Fresh fruit marketability is linked to shelf-life, which is affected by firmness. Both traits have been shown to be associated with malate content in tomato (López et al. 2015) through a neural network approach (self-organizing maps; Table 1). In the same study, another important commercial trait (fruit morphology) showed to be associated strongly with aspartate, glutamate and 2-oxoglutarate (López et al. 2015).
4.5 When assessing diversity of crop core collections or other genetic resources
A recent application of plant metabolomics that has already been implemented in biotechnology and seed companies is the assessment of metabolic diversity within their crop core population or genetic lineage. This has been done for instance by Monsanto® in soybean (Kusano et al. 2015; Harrigan et al. 2015) and maize (Venkatesh et al. 2016) as well as by Pioneer® in the latter species (Baniasadi et al. 2014; Zeng et al. 2014; Asiago et al. 2012). Authors underline the potential of metabolomics to separate genetic and environmental effects on crop diversity (Venkatesh et al. 2016; Baniasadi et al. 2014) or for substantial equivalence studies of genetically modified (GM) genotypes (Harrigan et al. 2015; Baniasadi et al. 2014; Asiago et al. 2012). These results could be used to improve acceptance of GMOs and might also be used for regulatory purposes (Zeng et al. 2014). These companies have all the necessary tools in house to use metabolic data for breeding. Indeed several of their publications have already shown associations of key performance criteria with metabolites, for instance for yield in soybean (Kusano et al. 2015) or plant and ear height in maize (Venkatesh et al. 2016).
4.6 When working on impact of abiotic and biotic stress
Metabolites can also be used as markers to estimate plant performance under stress conditions (Feussner and Polle 2015; Fraire-Velázquez and Balderas-Hernández 2013). Obata et al. (2015) found that myo-inositol accumulated in young leaves was constitutively and negatively associated with grain yield under at least some drought stress scenarios in maize (−0.54; Table 1) In rice, Quistián-Martínez et al. (2011) identified trehalose as a putative inducible marker in drought-tolerant rice genotypes, while Degenkolbe et al. (2013) reported eight metabolites that were positively accumulated in drought-tolerant varieties (including allantoin, galactaric and gluconic acid, glucose and salicylic acid glucopyranoside; Table 1). Interestingly, allantoin was also associated with salt-stress tolerance in rice (Table 1; Nam et al. 2015). Although ‘constitutive’ metabolic markers, e.g. those measured in plant material obtained under standard conditions and at young developmental stages (Riedelsheimer et al. 2012b; Riedelsheimer et al. 2012a), might be of great interest when stress resistance can be estimated, it is likely that ‘inducible’ metabolic markers will be needed to evaluate tolerance in stressed conditions and to train the prediction models of resistance. For this, the combined use of phenotyping platforms (Tisne et al. 2013) providing reproductive and relevant stress scenarios combined with pertinent metabolic analyses could be very valuable. However, such a strategy involving ecophysiologists, biochemists and geneticists still requires sustained exploratory efforts.
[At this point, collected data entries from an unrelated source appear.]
lemma aut_marked_nbrs:
  assumes "x \<in> marked"
  shows "f ` marked_nbrs x \<subseteq> marked_nbrs (f x)"
proof
  fix s assume "s \<in> f ` marked_nbrs x"
  then obtain t where t: "t \<in> marked" "hamming_dist n x t = 1" "s = f t"
    by (auto simp: marked_nbrs_def)
  then have "t \<in> V" "x \<in> V"
    using assms marked_subset_V by auto
  then show "s \<in> marked_nbrs (f x)"
    using t aut_marked_iff aut_hamming_dist by (simp add: marked_nbrs_def)
qed

lemma aut_fixes_stair_0: "f (stair 0) = stair 0"
proof -
  have marked: "stair 0 \<in> marked"
    by (simp add: marked_def)
  have "inj_on f (marked_nbrs (stair 0))"
    using marked_subset_V aut_inj by (auto simp: marked_nbrs_def inj_on_def)
  then have "card (marked_nbrs (stair 0)) \<le> card (marked_nbrs (f (stair 0)))"
    using aut_marked_nbrs[OF marked] by (metis card_image card_mono finite_marked_nbrs)
  moreover have "3 \<le> card (marked_nbrs (stair 0))"
    using card_marked_nbrs_ge_3_iff[OF marked] by simp
  moreover have "f (stair 0) \<in> marked"
    using aut_marked_iff marked marked_subset_V by blast
  ultimately show ?thesis
    using card_marked_nbrs_ge_3_iff by fastforce
qed

lemma aut_maps_marked_nbr:
  assumes "x \<in> marked" "y \<in> marked" "hamming_dist n x y = 1"
  shows "f y \<in> marked_nbrs (f x)"
  using assms aut_marked_nbrs[of x] by (auto simp: marked_nbrs_def)

lemma aut_fixes_stair_1: "f (stair 1) = stair 1"
proof -
  have marked: "stair j \<in> marked" if "j \<le> 2" for j
    using that two_le_L by (intro stair_in_marked) simp
  have "f (stair 1) \<in> marked_nbrs (stair 0)"
    using aut_maps_marked_nbr[OF marked marked, of 0 1] hamming_stair_Suc[of 0] aut_fixes_stair_0
    by simp
  moreover have "f (stair 1) \<notin> {spike 1, spike 2}"
  proof
    assume "f (stair 1) \<in> {spike 1, spike 2}"
    moreover have "f (stair 2) \<in> marked_nbrs (f (stair 1))"
      using aut_maps_marked_nbr[OF marked marked, of 1 2] hamming_stair_Suc[of 1]
      by (simp add: numeral_2_eq_2)
    ultimately have "f (stair 2) \<in> {stair 0, spike 1, spike 2}"
      using marked_nbrs_spike[of 1] marked_nbrs_spike[of 2] by auto
    moreover have "2 \<le> hamming_dist n (f (stair 2)) (stair 0)"
    proof -
      have "stair 2 \<in> V" "stair 0 \<in> V"
        using two_le_L by (simp_all add: stair_in_V)
      then have "hamming_dist n (f (stair 2)) (stair 0) = hamming_dist n (stair 2) (stair 0)"
        using aut_hamming_dist aut_fixes_stair_0 by metis
      then show ?thesis
        using two_le_hamming_stair[of 0 2] hamming_dist_commute[of n "stair 0"] by simp
    qed
    ultimately show False
      using hamming_stair_0_spike[of 1] hamming_stair_0_spike[of 2]
        hamming_dist_commute[of n "stair 0"] by auto
  qed
  ultimately show ?thesis
    by (auto simp: marked_nbrs_stair_0)
qed

lemma aut_fixes_stair: "j \<le> L \<Longrightarrow> f (stair j) = stair j"
proof (induction j rule: less_induct)
  case (less j)
  consider "j = 0" | "j = 1" | i where "j = Suc (Suc i)"
    by (metis One_nat_def not0_implies_Suc)
  then show ?case
  proof cases
    case 3
    have IH: "f (stair i) = stair i" "f (stair (Suc i)) = stair (Suc i)"
      using less 3 by auto
    have "f (stair j) \<in> marked_nbrs (stair (Suc i))"
      using aut_maps_marked_nbr[of "stair (Suc i)" "stair j"] hamming_stair_Suc[of "Suc i"]
        stair_in_marked less.prems 3 IH(2) by simp
    then have "f (stair j) \<in> {stair i, stair j}"
      using marked_nbrs_stair[of "Suc i"] 3 by auto
    moreover have "f (stair j) \<noteq> f (stair i)"
    proof
      assume "f (stair j) = f (stair i)"
      then have "stair j = stair i"
        using aut_inj stair_in_V less.prems 3 by simp
      then show False
        using stair_inj 3 by force
    qed
    ultimately show ?thesis
      using IH by auto
  qed (use aut_fixes_stair_0 aut_fixes_stair_1 in auto)
qed

lemma aut_eq_id: "x \<in> V \<Longrightarrow> f x = x"
  using aut_in_V aut_nth_0 aut_hamming_dist aut_fixes_stair stair_in_V
  by (metis stair_distances_determine)

end

lemma marking_coloring_distinguishing: "distinguishing_coloring V adj marking_coloring"
  unfolding distinguishing_coloring_def using aut_eq_id by blast

end

end
(*
  A measurement returns t with probability 1/|H| if t lies in H = perp K and 0 otherwise, so the
  h outcomes form a uniformly random tuple over H, and the output perp T always contains K.
  If perp T is strictly larger than K, it contains some y outside K with p y in K for a prime p,
  and the p - 1 classes a y + K (0 < a < p) lie in B_p - K, where B_p = {x. p x in K}
  (smul_preimage p) is the annihilator of pH and so has |K| |H[p]| elements. Every x in B_p - K
  is orthogonal to exactly |H| / p elements of H, so a union bound over these x bounds the
  failure probability by the sum over primes p of (|H[p]| - 1) / ((p - 1) p^h) (failure_sum).
  Finally |H[p]| = p^(a_p) where a_p is at most the rank of G and p^(a_p) divides |H|, and
  elementary estimates bound that sum by epsilon under either hypothesis on h.
*)

lemma sum_inverse_pronic:
  assumes "1 \<le> M"
  shows "(\<Sum>n\<in>{2..M}. 1 / ((real n - 1) * real n)) = 1 - 1 / real M"
  using assms
proof (induction M rule: dec_induct)
  case (step M)
  have "{2..Suc M} = insert (Suc M) {2..M}" using step by auto
  moreover have "1 / ((real (Suc M) - 1) * real (Suc M)) = 1 / real M - 1 / real (Suc M)"
    using step(1) by (simp add: field_simps)
  ultimately show ?case using step by simp
qed simp

lemma sum_inverse_pronic_le_1:
  assumes "finite P" and "\<forall>p\<in>P. 2 \<le> p"
  shows "(\<Sum>p\<in>P. 1 / ((real p - 1) * real p)) \<le> 1"
proof -
  define M where "M = Max (insert 1 P)"
  have "P \<subseteq> {2..M}" using assms by (auto simp: M_def)
  then have "(\<Sum>p\<in>P. 1 / ((real p - 1) * real p)) \<le> (\<Sum>n\<in>{2..M}. 1 / ((real n - 1) * real n))"
    by (intro sum_mono2) auto
  also have "\<dots> = 1 - 1 / real M" using assms by (intro sum_inverse_pronic) (simp add: M_def)
  also have "\<dots> \<le> 1" by simp
  finally show ?thesis .
qed

lemma sum_power2_minus_1_le:
  assumes "finite S"
  shows "(\<Sum>i\<in>S. (2::real) ^ e i - 1) \<le> 2 ^ (\<Sum>i\<in>S. e i) - 1"
  using assms
proof (induction S rule: finite_induct)
  case (insert x S)
  have "(1::real) \<le> 2 ^ e x" "(1::real) \<le> 2 ^ (\<Sum>i\<in>S. e i)" by simp_all
  then have "0 \<le> ((2::real) ^ e x - 1) * (2 ^ (\<Sum>i\<in>S. e i) - 1)" by simp
  then show ?case using insert by (simp add: power_add algebra_simps)
qed simp

lemma power2_ge_if_ceiling_log_le:
  assumes "\<lceil>log 2 c\<rceil> \<le> int d" and "0 < c"
  shows "c \<le> 2 ^ d"
proof -
  have "log 2 c \<le> real d" using assms(1) by linarith
  then show ?thesis using assms(2) by (simp add: log_le_iff powr_realpow)
qed

definition failure_sum :: "nat set \<Rightarrow> (nat \<Rightarrow> nat) \<Rightarrow> nat \<Rightarrow> real" where
  "failure_sum P a h = (\<Sum>p\<in>P. (real p ^ a p - 1) / ((real p - 1) * real p ^ h))"

lemma failure_sum_le_rank:
  assumes P: "finite P" "\<forall>p\<in>P. 2 \<le> p" and a: "\<forall>p\<in>P. a p \<le> r"
    and \<epsilon>: "0 < \<epsilon>" "\<epsilon> < 2" and h: "int r + \<lceil>log 2 (2 / \<epsilon>)\<rceil> \<le> int h"
  shows "failure_sum P a h \<le> \<epsilon>"
proof -
  have "1 \<le> \<lceil>log 2 (2 / \<epsilon>)\<rceil>" using \<epsilon> by (simp add: field_simps)
  then have "Suc r \<le> h" using h by linarith
  then obtain d where d: "h = r + Suc d" "\<lceil>log 2 (2 / \<epsilon>)\<rceil> \<le> int (Suc d)"
    using h by (intro that[of "h - Suc r"]) auto
  have term_le: "(real p ^ a p - 1) / ((real p - 1) * real p ^ h)
      \<le> 1 / ((real p - 1) * real p) * (1 / 2 ^ d)" if p: "p \<in> P" for p
  proof -
    have p2: "2 \<le> real p" using P p by auto
    have "real p ^ a p \<le> real p ^ r" using a p p2 by (intro power_increasing) auto
    then have "real p ^ a p - 1 \<le> real p ^ r" by linarith
    then have "(real p ^ a p - 1) / ((real p - 1) * real p ^ h)
        \<le> real p ^ r / ((real p - 1) * real p ^ h)"
      using p2 by (intro divide_right_mono) auto
    also have "\<dots> = 1 / ((real p - 1) * real p) * (1 / real p ^ d)"
      using p2 by (simp add: d(1) power_add)
    also have "\<dots> \<le> 1 / ((real p - 1) * real p) * (1 / 2 ^ d)"
      using p2 by (intro mult_left_mono divide_left_mono power_mono) auto
    finally show ?thesis .
  qed
  have "failure_sum P a h \<le> (\<Sum>p\<in>P. 1 / ((real p - 1) * real p)) * (1 / 2 ^ d)"
    unfolding failure_sum_def sum_distrib_right using term_le by (rule sum_mono)
  also have "\<dots> \<le> 1 / 2 ^ d"
    using sum_inverse_pronic_le_1[OF P] by (simp add: divide_right_mono)
  also have "\<dots> \<le> \<epsilon>"
    using power2_ge_if_ceiling_log_le[OF d(2)] \<epsilon>(1) by (simp add: field_simps)
  finally show ?thesis .
qed

lemma geometric_sum_div_power:
  fixes x :: real
  assumes "1 < x" and "a \<le> h"
  shows "(x ^ a - 1) / ((x - 1) * x ^ h) = (\<Sum>i<a. 1 / x ^ (h - i))"
proof -
  have "(x ^ a - 1) / ((x - 1) * x ^ h) = (\<Sum>i<a. x ^ i) / x ^ h"
    using assms(1) by (simp add: geometric_sum)
  also have "\<dots> = (\<Sum>i<a. 1 / x ^ (h - i))"
    unfolding sum_divide_distrib using assms by (intro sum.cong refl) (simp add: power_diff)
  finally show ?thesis .
qed

lemma failure_term_le_power2:
  assumes "2 \<le> p" and "a \<le> h"
  shows "(real p ^ a - 1) / ((real p - 1) * real p ^ h) \<le> (2 ^ a - 1) / 2 ^ h"
proof -
  have "(real p ^ a - 1) / ((real p - 1) * real p ^ h) = (\<Sum>i<a. 1 / real p ^ (h - i))"
    using assms by (intro geometric_sum_div_power) auto
  also have "\<dots> \<le> (\<Sum>i<a. 1 / 2 ^ (h - i))"
    using assms by (intro sum_mono divide_left_mono power_mono) auto
  also have "\<dots> = (2 ^ a - 1) / 2 ^ h"
    using geometric_sum_div_power[of 2 a h] assms by simp
  finally show ?thesis .
qed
Regarding biotic stress, metabolomics has recently emerged as a tool for studying plant immunity, especially for deciphering the role of small molecules involved in plant–microbe interactions (Feussner and Polle 2015). Diagnostic-like strategies separating diseased from healthy plants with metabolic markers have been proposed using 1H-NMR in ornamental periwinkle and grapevine (Table 1; Choi et al. 2004; Lima et al. 2010). Finally, metabolic markers have been associated with tolerance to yellow leaf curl virus in tomato (Sade et al. 2015) and to fusarium in wheat (Cuperlovic-Culf et al. 2016). Of particular interest in the tomato study, the authors highlighted a more coordinated response of the primary metabolism in resistant cultivars (Sade et al. 2015).
5 What pipeline to work with metabolic markers of plant performance?
The major challenge when using metabolic markers will be to establish combinations of growth scenarios, sampling strategies and metabolic marker measurements that provide estimations of plant performance that are consistent with the ‘real’ world. As mentioned above, it is indeed known that QTL associated with plant performance can have positive effects under given growth scenarios and negative effects under others (Tardieu 2011), and that there is a priori no reason why this would not be the case for such estimations. Vast numbers of metabolic fingerprints can be generated by profiling diverse organs or tissues at different stages and under various growth conditions. The fact that this diversity is challenging when looking for metabolic markers of performance implies that several steps listed below have to be taken into account.
5.1 Growth scenarios: reproducible and crop-adapted to reveal diversity
Metabolite levels and fluxes are sensitive to growth conditions, especially to temperature which modifies enzymatic activities independently (Strand et al. 1999; Parent et al. 2010). They are also subject to large changes throughout plant and organ development and even throughout night and day cycles. Simulating the diversity of scenarios that any crop would face in the field is not a realistic option. Therefore, careful implementation of reproducible growth scenarios seems necessary to find the best metabolic markers, especially if the studied performance criterion is tolerance towards adverse conditions.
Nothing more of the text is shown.